Second, don’t take “biases” at face value. In this study, the ED physicians were using the checklists and training and common knowledge they had, but they weren’t using the 16,405 variables that the ML algorithm had—variables the physicians were never shown. Of course the ED physicians were using available and representative information. These heuristics aren’t biases; they are generally useful. Without them the physicians would be helpless.

Third, look out for smuggled expertise. The ML algorithm used information from the electronic health record, and I suspect that a lot of this information reflected judgment calls based on the expertise of the staff. The ML algorithm was building on the expertise of ED physicians and staff, not substituting for it.

Fourth, don’t be cowed by big-data types of analysis. The ML algorithm grew to 16,405 variables. However, in predicting risk, the empirical optimum was 224 variables—still, a lot. Yet there was a plateau at only about 20 variables—not that many. Twenty variables seems well within the range for training ED physicians to be more accurate.

Artificial Intelligence Essential Reads

AI Enables Virtual Behavioral Neuroscience

AI Performance Enhanced With Human Developmental Psychology

Making Use of ML

There is much to admire in the article, including the ability of the authors to gather and analyze complex data.

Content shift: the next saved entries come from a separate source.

lemma good_path_prescriptions:
  assumes "good_path P Q S S' A L ws"
  shows "\<forall>(a, b)\<in>set A. P a = a \<and> Q b = b \<and> a \<notin> S \<and> b \<notin> S'"
proof clarify
  fix a b assume "(a, b) \<in> set A"
  then have "a \<in> fst ` set A" "b \<in> snd ` set A"
    by force+
  then show "P a = a \<and> Q b = b \<and> a \<notin> S \<and> b \<notin> S'"
    using assms unfolding good_path_def by blast
qed

lemma good_path_end_points:
  assumes "good_path P Q S S' A L ws" and "L \<noteq> []"
  shows "hd ws \<noteq> last ws" and "P (hd ws) = hd ws"
proof -
  have "distinct ws" "set ws \<subseteq> {x. P x = x}" and path: "syllable_path A L ws"
    using assms(1) unfolding good_path_def by auto
  then show "hd ws \<noteq> last ws"
    using assms(2) by (cases L) (auto simp: syllable_path_not_Nil)
  have "hd ws \<in> set ws"
    using syllable_path_not_Nil[OF path] by simp
  then show "P (hd ws) = hd ws"
    using \<open>set ws \<subseteq> _\<close> by blast
qed

text \<open>The set G T of admissible end points, given the other points T of the path, lets the
  caller steer the end point towards the points displaced by the syllable prepended next.\<close>

definition good_path_ending ::
    "('a \<Rightarrow> 'a) \<Rightarrow> ('a \<Rightarrow> 'a) \<Rightarrow> 'a set \<Rightarrow> 'a set \<Rightarrow> ('a set \<Rightarrow> 'a set) \<Rightarrow> (bool \<times> 'w) list \<Rightarrow> bool"
  where
  "good_path_ending P Q S S' G L \<longleftrightarrow> (\<exists>ws A. good_path P Q S S' A L ws \<and>
     ((L = [] \<or> \<not> fst (hd L)) \<longrightarrow> hd ws \<in> G (set (tl ws))) \<and>
     ((L = [] \<or> fst (hd L)) \<longrightarrow> hd ws \<notin> fst ` set A))"

lemma good_path_ending_Nil:
  assumes "finite S" and "infinite (G {})" and "G {} \<subseteq> {x. P x = x}"
  shows "good_path_ending P Q S S' G []"
proof -
  obtain w where "w \<in> G {} - S"
    using Diff_infinite_finite[OF assms(1,2)] infinite_imp_nonempty by blast
  then show ?thesis
    unfolding good_path_ending_def using good_path_Nil[of P w S Q S'] assms(3)
    by (intro exI[of _ "[w]"] exI[of _ "[]"]) auto
qed

lemma good_path_ending_Cons_left:
  assumes "good_path_ending P Q S S' (\<lambda>T. displaced P (E g) - (T \<union> S \<union> E g -` (T \<union> S))) L"
    and "L = [] \<or> \<not> fst (hd L)"
  shows "good_path_ending P Q S S' G ((True, g) # L)"
proof -
  obtain ws A where path: "good_path P Q S S' A L ws"
    and "hd ws \<in> displaced P (E g) - (set (tl ws) \<union> S \<union> E g -` (set (tl ws) \<union> S))"
    using assms unfolding good_path_ending_def by blast
  then have v: "P (E g (hd ws)) = E g (hd ws)" "E g (hd ws) \<noteq> hd ws"
    "E g (hd ws) \<notin> set (tl ws) \<union> S"
    unfolding displaced_def by auto
  moreover have "ws = hd ws # tl ws"
    using path syllable_path_not_Nil unfolding good_path_def by (metis list.collapse)
  ultimately have "E g (hd ws) \<notin> set ws \<union> S"
    by (metis Un_iff set_ConsD)
  moreover have "fst ` set A \<subseteq> set ws"
    using path unfolding good_path_def by blast
  ultimately show ?thesis
    unfolding good_path_ending_def using good_path_Cons_left[OF path refl v(1)]
    by (intro exI[of _ "E g (hd ws) # ws"] exI[of _ A]) auto
qed

lemma good_path_ending_Cons_right:
  assumes "good_path_ending P Q S S' (\<lambda>T. {x. P x = x} - (T \<union> S)) L" and "L = [] \<or> fst (hd L)"
    and "inj (E' h)" and "infinite (displaced Q (E' h))" and "finite S" and "finite S'"
    and "\<And>T. finite T \<Longrightarrow> infinite (G T)" and "\<And>T. G T \<subseteq> {x. P x = x}"
  shows "good_path_ending P Q S S' G ((False, h) # L)"
proof -
  obtain ws A where path: "good_path P Q S S' A L ws" and hd_ws: "hd ws \<notin> fst ` set A"
    using assms(1,2) unfolding good_path_ending_def by blast
  define B where "B = S' \<union> snd ` set A"
  have "finite B"
    unfolding B_def using \<open>finite S'\<close> by blast
  then have "finite (B \<union> E' h -` B)"
    using finite_vimageI[OF _ assms(3)] by blast
  then obtain y where "y \<in> displaced Q (E' h) - (B \<union> E' h -` B)"
    using Diff_infinite_finite[OF _ assms(4)] infinite_imp_nonempty by (metis ex_in_conv)
  then have y: "Q y = y" "Q (E' h y) = E' h y" "E' h y \<noteq> y" "y \<notin> B" "E' h y \<notin> B"
    unfolding displaced_def by auto
  have "finite (set ws \<union> S)"
    using \<open>finite S\<close> by blast
  then obtain v where v: "v \<in> G (set ws) - (set ws \<union> S)"
    using Diff_infinite_finite[OF _ assms(7)[of "set ws"]] infinite_imp_nonempty
    by (metis List.finite_set ex_in_conv)
  then have "P v = v"
    using assms(8) by blast
  have "good_path P Q S S' ((hd ws, y) # (v, E' h y) # A) ((False, h) # L) (v # ws)"
    using good_path_Cons_right[OF path hd_ws y(1-3) _ _ \<open>P v = v\<close>] y(4,5) v
    unfolding B_def by blast
  then show ?thesis
    unfolding good_path_ending_def using v
    by (intro exI[of _ "v # ws"] exI[of _ "(hd ws, y) # (v, E' h y) # A"]) auto
qed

I was particularly encouraged by the last two paragraphs, in which the authors note that one cannot simply assume that the algorithm is correct if its results differ from the human predictions, especially when the algorithm is trained on data produced by the humans, stacking the deck against the humans (my third point above).

The last two sentences of the article note the value of using the algorithmic material to help train ED physicians, and I strongly agree. This is how ML efforts can be harnessed—by providing materials that can be used to train and support the physicians.

Unfortunately, the positive suggestions come at the very end, in contrast to the abstract and the rest of the article, which emphasize how the ML algorithms reveal physician inefficiencies and mistakes. My impression in reading the article (and I may be over-reacting) is that physician judgment should be subordinated to ML algorithms—the title is “Diagnosing Physician Error”— revealing a skepticism about human expertise. Why the preoccupation with ways that the ED physicians fall short without any attempt to document the strengths of the physicians, the degree to which they outperform random judgments, and examples of skilled diagnosis that go beyond the standard guidelines?

The Mullainathan and Obermeyer article has provides a set of dimensions for assessing ML/algorithm projects in general: Do they allow for learning in the human comparison condition? How good are the decision makers, not just how bad are they? How can we improve the performance of the decision makers instead of concluding that they should be replaced by the algorithm?

By increasing our own sophistication, we can better understand the claims the AI researchers are making and the issues they are ignoring.

References

Mullainathan, S., & Obermeyer, Z. (2022). Diagnosing physician error: A machine learning approach to low-value health care. Quarterly Journal of Economics, 137, 679-727.